▶ **Available data**
theorem lemma3p3:
  fixes p :: "nat \<Rightarrow> nat" and r s n :: nat
  assumes "r \<ge> 3"
    and "\<forall>i\<in>{1..r}. prime (p i)"
    and "\<forall>i\<in>{1..r}. \<forall>j\<in>{1..r}. i < j \<longrightarrow> p i < p j"
    and "n = (\<Prod>i=1..r. p i)"
    and "3 \<le> s" and "s \<le> r"
    and "pg_deg n ((\<Prod>i=s-1..r. p i) mod n) \<ge> pg_deg n ((\<Prod>i=s..r. p i) mod n)"
  shows "pg_deg n ((\<Prod>i=s-2..r. p i) mod n) > pg_deg n ((\<Prod>i=s-1..r. p i) mod n)"
proof -
  define k where "k = s - 2"
  have s: "s = Suc (Suc k)" and k: "1 \<le> k" "Suc (Suc k) \<le> r"
    using \<open>3 \<le> s\<close> \<open>s \<le> r\<close> unfolding k_def by auto
  note primes = assms(2)
  have inj: "inj_on p {1..r}"
    using assms(3) by (metis inj_onI linorder_neqE_nat less_irrefl)
  note deg = pg_deg_consecutive_suffix_products[OF primes inj assms(4) k]
  have "(\<Prod>i=1..<k. p i) > 0" "(\<Prod>i=Suc (Suc k)..r. p i) > 0"
    using primes k by (auto intro!: prod_pos simp: prime_gt_0_nat)
  then have a: "int (\<Prod>i=1..<k. p i) \<ge> 1" and f: "int (totient (\<Prod>i=1..<k. p i)) \<ge> 1"
    and N: "int (\<Prod>i=Suc (Suc k)..r. p i) \<ge> 1"
    by (metis of_nat_1 of_nat_le_iff Suc_le_eq One_nat_def totient_gt_0_iff)+
  have q: "int (p k) \<ge> 2" using primes k by (simp add: prime_ge_2_nat)
  have "p k < p (Suc k)" using assms(3) k by simp
  then have t: "int (p (Suc k)) \<ge> int (p k) + 1" by simp
  have "int (pg_deg n ((\<Prod>i=Suc (Suc k)..r. p i) mod n)) + 1
      \<le> int (pg_deg n ((\<Prod>i=Suc k..r. p i) mod n)) + 1"
    using assms(7) s by simp
  from suffix_degree_inequality[OF f q t N a this[unfolded deg], folded deg]
  show ?thesis using s by simp
qed

end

▶ **Activity**
Everything from the line with "(simp add: prime_ge_2_nat)" to the last line of the data is what to return, word for word; leave out the rest.

▶ **Solution for this problem**
  have q: "int (p k) \<ge> 2" using primes k by (simp add: prime_ge_2_nat)
  have "p k < p (Suc k)" using assms(3) k by simp
  then have t: "int (p (Suc k)) \<ge> int (p k) + 1" by simp
  have "int (pg_deg n ((\<Prod>i=Suc (Suc k)..r. p i) mod n)) + 1
      \<le> int (pg_deg n ((\<Prod>i=Suc k..r. p i) mod n)) + 1"
    using assms(7) s by simp
  from suffix_degree_inequality[OF f q t N a this[unfolded deg], folded deg]
  show ?thesis using s by simp
qed

end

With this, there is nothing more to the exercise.